Vaccine passports: way back to normal or ongoing problem?

LONDON (Reuters) – Governments and developers around the world are exploring the potential use of “vaccine passports” as a way to reopen the economy by identifying those protected against coronavirus.

However, technology developers claim that these tools have consequences such as perhaps excluding entire groups from social participation and urge lawmakers to think seriously about how they are used.

The travel and entertainment industries, which have struggled to operate profitably while imposing social distancing regulations, are especially interested in a way to quickly check who has protection.

Passport developers include biometrics company iProov and cybersecurity company Mvine, which have built a vaccine pass that is now being tested at the UK National Health Service after receiving government funding. of the United Kingdom.

IProov founder and CEO Andrew Bud believes these vaccine passports only need to contain two pieces of information.

“One is, has this person been vaccinated? And the other is, how is this person? ”

It is only necessary to match a face with a state of vaccination, it is not necessary to know the identity of a person, he added.

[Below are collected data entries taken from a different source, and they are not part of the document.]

(* Let $\{P_{(\beta,\eta,\zeta)}\}$ be a semiparametric model with $\beta\in\mathbb R^p$, $\zeta\in\Xi\subset\mathbb R^q$, $\eta\in\mathcal H_\eta$ (a subset of a Banach space), and let $\phi_\zeta:\mathcal H_\eta\to\mathcal H_\eta$ be a full rank reparameterization (defined in the context), with $\bar\eta=\phi_\zeta(\eta)$ and $\bar\theta=(\beta,\bar\eta,\zeta)$. Then for every $(\beta,\eta,\zeta)$ the efficient score for $\beta$ computed in the original parameterization at $\theta=(\beta,\eta,\zeta)$ equals the efficient score for $\beta$ computed in the reparameterized model at $\bar\theta=(\beta,\phi_\zeta(\eta),\zeta)$, i.e. $\tilde l_\beta(\theta)=\tilde\ell_\beta(\bar\theta)$. Consequently the efficient information matrices $\tilde I_\beta(\theta)=P_\theta\tilde l_\beta\tilde l_\beta^T$ and $\tilde{\mathcal I}_\beta(\bar\theta)=P_\theta\tilde\ell_\beta\tilde\ell_\beta^T$ also coincide.
   Context: Let $\dot l_\beta$ denote the score for $\beta$ (derivative of the one-observation log-likelihood in $\beta$), and let $\dot l_\eta:\overline{\mathcal H}_\eta\to L_2^0(P_\theta)$ be the score operator for $\eta$ (a bounded linear map, $\overline{\mathcal H}_\eta$ the closed linear span of $\mathcal H_\eta$, $L_2^0(P_\theta)$ the mean-zero square integrable functions), with adjoint $\dot l_\eta^*$; assume the information operator $\dot l_\eta^*\dot l_\eta$ is invertible. The efficient score is $\tilde l_\beta=(I-\dot l_\eta(\dot l_\eta^*\dot l_\eta)^{-1}\dot l_\eta^* )\dot l_\beta$; analogously $\tilde\ell_\beta$ is defined with $\dot\ell_{\bar\eta}$, the score operator for $\bar\eta$ in the reparameterized model $\ell_1(\beta,\bar\eta,\zeta)=l_1(\beta,\phi_\zeta^{-1}(\bar\eta),\zeta)$. A full rank reparameterization is a family of one-to-one maps $\phi_\zeta:\mathcal H_\eta\to\mathcal H_\eta$, $\zeta\in\Xi$, that is Hadamard differentiable tangentially to $\mathcal H_\eta$ uniformly over $\zeta\in\Xi$ (i.e. $\sup_\zeta\|(\phi_\zeta(\eta+t_nh_n(\zeta))-\phi_\zeta(\eta))/t_n-\dot\phi_\zeta(\eta)(h(\zeta))\|\to0$ whenever $t_n\to0$ and $\sup_\zeta\|h_n(\zeta)-h(\zeta)\|\to0$), whose derivative $\dot\phi_\zeta$ is linear, one-to-one and continuously invertible uniformly over $\zeta$ (there is $c>0$ with $\|\dot\phi_\zeta(h)\|\ge c\|h\|$ for all $h,\zeta$), and such that under the null $\beta=\beta_0$ the reparameterized likelihood $\ell_1(\beta_0,\bar\eta,\zeta)$ does not depend on $\zeta$ at the null value $\bar\eta_0$. *)

theory Defs
  imports "HOL-Probability.Probability"
begin

definition cspan :: "'h::real_normed_vector set \<Rightarrow> 'h set" where
  "cspan H = closure (span H)"

definition L2_0 :: "'x measure \<Rightarrow> ('x \<Rightarrow> real) \<Rightarrow> bool" where
  "L2_0 M f \<longleftrightarrow> f \<in> borel_measurable M \<and> integrable M (\<lambda>x. (f x)\<^sup>2) \<and> integral\<^sup>L M f = 0"

definition ip :: "'x measure \<Rightarrow> ('x \<Rightarrow> real) \<Rightarrow> ('x \<Rightarrow> real) \<Rightarrow> real" where
  "ip M f g = integral\<^sup>L M (\<lambda>x. f x * g x)"

definition model_measure ::
  "'x measure \<Rightarrow> ('b \<Rightarrow> 'e \<Rightarrow> 'z \<Rightarrow> 'x \<Rightarrow> real) \<Rightarrow> 'b \<Rightarrow> 'e \<Rightarrow> 'z \<Rightarrow> 'x measure" where
  "model_measure \<mu> l b e z = density \<mu> (\<lambda>x. ennreal (exp (l b e z x)))"

definition beta_score ::
  "'x measure \<Rightarrow> (real^'p \<Rightarrow> 'x \<Rightarrow> real) \<Rightarrow> real^'p \<Rightarrow> ('x \<Rightarrow> real^'p) \<Rightarrow> bool" where
  "beta_score M L b0 s \<longleftrightarrow>
     (\<forall>x. ((\<lambda>b. L b x) has_derivative (\<lambda>v. v \<bullet> s x)) (at b0)) \<and>
     (\<forall>j. L2_0 M (\<lambda>x. s x $ j))"

definition score_op ::
  "'x measure \<Rightarrow> 'h::real_normed_vector set \<Rightarrow> 'h set \<Rightarrow> ('h \<Rightarrow> 'x \<Rightarrow> real) \<Rightarrow> 'h
     \<Rightarrow> ('h \<Rightarrow> 'x \<Rightarrow> real) \<Rightarrow> bool" where
  "score_op M \<Theta> H L e0 A \<longleftrightarrow>
     (\<forall>h\<in>cspan H. L2_0 M (A h)) \<and>
     (\<forall>h\<in>cspan H. \<forall>k\<in>cspan H. \<forall>a b::real.
        AE x in M. A (a *\<^sub>R h + b *\<^sub>R k) x = a * A h x + b * A k x) \<and>
     (\<exists>C. \<forall>h\<in>cspan H. ip M (A h) (A h) \<le> C * (norm h)\<^sup>2) \<and>
     (\<forall>h\<in>H. \<exists>\<gamma>. \<gamma> 0 = e0 \<and> at 0 within {t. \<gamma> t \<in> \<Theta>} \<noteq> bot \<and>
        ((\<lambda>t. (\<gamma> t - e0) /\<^sub>R t) \<longlongrightarrow> h) (at 0 within {t. \<gamma> t \<in> \<Theta>})) \<and>
     (\<forall>\<gamma> h. h \<in> cspan H \<and> \<gamma> 0 = e0 \<and>
        ((\<lambda>t. (\<gamma> t - e0) /\<^sub>R t) \<longlongrightarrow> h) (at 0 within {t. \<gamma> t \<in> \<Theta>}) \<longrightarrow>
        (\<forall>x. ((\<lambda>t. (L (\<gamma> t) x - L e0 x) / t) \<longlongrightarrow> A h x) (at 0 within {t. \<gamma> t \<in> \<Theta>})))"

text \<open>The information operator A^* A (A^* g is the functional k \<mapsto> <A k, g> on the
  closed span) is invertible: every bounded linear functional F on the closed span
  equals A^* A u for exactly one u in the closed span.\<close>
definition info_invertible ::
  "'x measure \<Rightarrow> 'h::real_normed_vector set \<Rightarrow> ('h \<Rightarrow> 'x \<Rightarrow> real) \<Rightarrow> bool" where
  "info_invertible M H A \<longleftrightarrow>
     (\<forall>F. (\<forall>h\<in>cspan H. \<forall>k\<in>cspan H. \<forall>a b::real. F (a *\<^sub>R h + b *\<^sub>R k) = a * F h + b * F k) \<and>
          (\<exists>C. \<forall>h\<in>cspan H. \<bar>F h\<bar> \<le> C * norm h) \<longrightarrow>
          (\<exists>!u. u \<in> cspan H \<and> (\<forall>k\<in>cspan H. ip M (A k) (A u) = F k)))"

text \<open>Efficient score (I - A (A^*A)^{-1} A^*) s, componentwise.\<close>
definition eff_score ::
  "'x measure \<Rightarrow> 'h::real_normed_vector set \<Rightarrow> ('h \<Rightarrow> 'x \<Rightarrow> real) \<Rightarrow> ('x \<Rightarrow> real^'p)
     \<Rightarrow> 'x \<Rightarrow> real^'p" where
  "eff_score M H A s = (\<lambda>x. \<chi> j. s x $ j -
      A (THE u. u \<in> cspan H \<and> (\<forall>k\<in>cspan H. ip M (A k) (A u) = ip M (A k) (\<lambda>y. s y $ j))) x)"

definition eff_info :: "'x measure \<Rightarrow> ('x \<Rightarrow> real^'p) \<Rightarrow> real^'p^'p" where
  "eff_info M e = (\<chi> i j. integral\<^sup>L M (\<lambda>x. e x $ i * e x $ j))"

definition reparam_lik ::
  "'h set \<Rightarrow> ('z \<Rightarrow> 'h \<Rightarrow> 'h) \<Rightarrow> ('b \<Rightarrow> 'h \<Rightarrow> 'z \<Rightarrow> 'x \<Rightarrow> real) \<Rightarrow> 'b \<Rightarrow> 'h \<Rightarrow> 'z \<Rightarrow> 'x \<Rightarrow> real" where
  "reparam_lik H \<phi> l b eb z x = l b (inv_into H (\<phi> z) eb) z x"

definition hadamard_unif ::
  "'h::real_normed_vector set \<Rightarrow> 'z set \<Rightarrow> ('z \<Rightarrow> 'h \<Rightarrow> 'h) \<Rightarrow> 'h \<Rightarrow> ('z \<Rightarrow> 'h \<Rightarrow> 'h) \<Rightarrow> bool" where
  "hadamard_unif H \<Xi> \<phi> e0 D \<longleftrightarrow>
     (\<forall>(t::nat \<Rightarrow> real) (hs::nat \<Rightarrow> 'z \<Rightarrow> 'h) (h::'z \<Rightarrow> 'h).
        t \<longlonglongrightarrow> 0 \<and> (\<forall>n. t n \<noteq> 0) \<and> (\<forall>n. \<forall>z\<in>\<Xi>. e0 + t n *\<^sub>R hs n z \<in> H) \<and>
        (\<forall>z\<in>\<Xi>. h z \<in> H) \<and>
        (\<forall>\<epsilon>>0. \<forall>\<^sub>F n in sequentially. \<forall>z\<in>\<Xi>. norm (hs n z - h z) < \<epsilon>) \<longrightarrow>
        (\<forall>\<epsilon>>0. \<forall>\<^sub>F n in sequentially. \<forall>z\<in>\<Xi>.
           norm ((\<phi> z (e0 + t n *\<^sub>R hs n z) - \<phi> z e0) /\<^sub>R t n - D z (h z)) < \<epsilon>))"

text \<open>Full rank reparameterization (with null value b0 of beta and null value eb0 of
  the reparameterized nuisance parameter).\<close>
definition full_rank_reparam ::
  "'h::real_normed_vector set \<Rightarrow> 'z set \<Rightarrow> ('z \<Rightarrow> 'h \<Rightarrow> 'h) \<Rightarrow> ('h \<Rightarrow> 'z \<Rightarrow> 'h \<Rightarrow> 'h)
     \<Rightarrow> ('b \<Rightarrow> 'h \<Rightarrow> 'z \<Rightarrow> 'x \<Rightarrow> real) \<Rightarrow> 'b \<Rightarrow> 'h \<Rightarrow> bool" where
  "full_rank_reparam H \<Xi> \<phi> D l b0 eb0 \<longleftrightarrow>
     (\<forall>z\<in>\<Xi>. \<phi> z ` H \<subseteq> H \<and> inj_on (\<phi> z) H) \<and>
     (\<forall>e\<in>H. hadamard_unif H \<Xi> \<phi> e (D e)) \<and>
     (\<forall>e\<in>H. \<forall>z\<in>\<Xi>.
        (\<forall>h\<in>cspan H. \<forall>k\<in>cspan H. \<forall>a b::real.
           D e z (a *\<^sub>R h + b *\<^sub>R k) = a *\<^sub>R D e z h + b *\<^sub>R D e z k) \<and>
        (\<exists>C. \<forall>h\<in>cspan H. norm (D e z h) \<le> C * norm h) \<and>
        inj_on (D e z) (cspan H) \<and> D e z ` cspan H = cspan H) \<and>
     (\<forall>e\<in>H. \<exists>c>0. \<forall>z\<in>\<Xi>. \<forall>h\<in>cspan H. c * norm h \<le> norm (D e z h)) \<and>
     (\<forall>z\<in>\<Xi>. \<forall>z'\<in>\<Xi>. \<forall>x. reparam_lik H \<phi> l b0 eb0 z x = reparam_lik H \<phi> l b0 eb0 z' x)"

Confirmation of the vaccination status of employers could help the nightlife economy, which employs some 420,000 people in the northern English city of Manchester, according to experts.

“We need to look at how to get back to normal,” said Sacha Lord, industrial adviser and co-founder of the city’s Parklife music festival.

Although there have been experiments at concerts and social distance events over the past year, they were not economically viable, he said.

“A concert is not a concert or a festival is not a festival unless you are with your friends.

“I don’t think we should force people to get their vaccine passports. It should be a choice. But at the entrance, if you don’t have that passport, we’ll give you another option, ”he added, suggesting the use of rapid-outcome coronavirus testing.

Bud said vaccine certificates were being rolled out in some countries, and in the United States, private sector health passes were being used to admit clients to sporting events.

“I think vaccine certificates pose huge social and political problems. Our job is to provide the technological basis for making passports and vaccine certificates possible … It is not our place to make judgments about whether they are a good idea or not, ”he said.

He was able to add possible issues related to discrimination, privilege and exclusion of the younger generation that would be the last to be vaccinated, he added, adding that he believed the government was considering it carefully.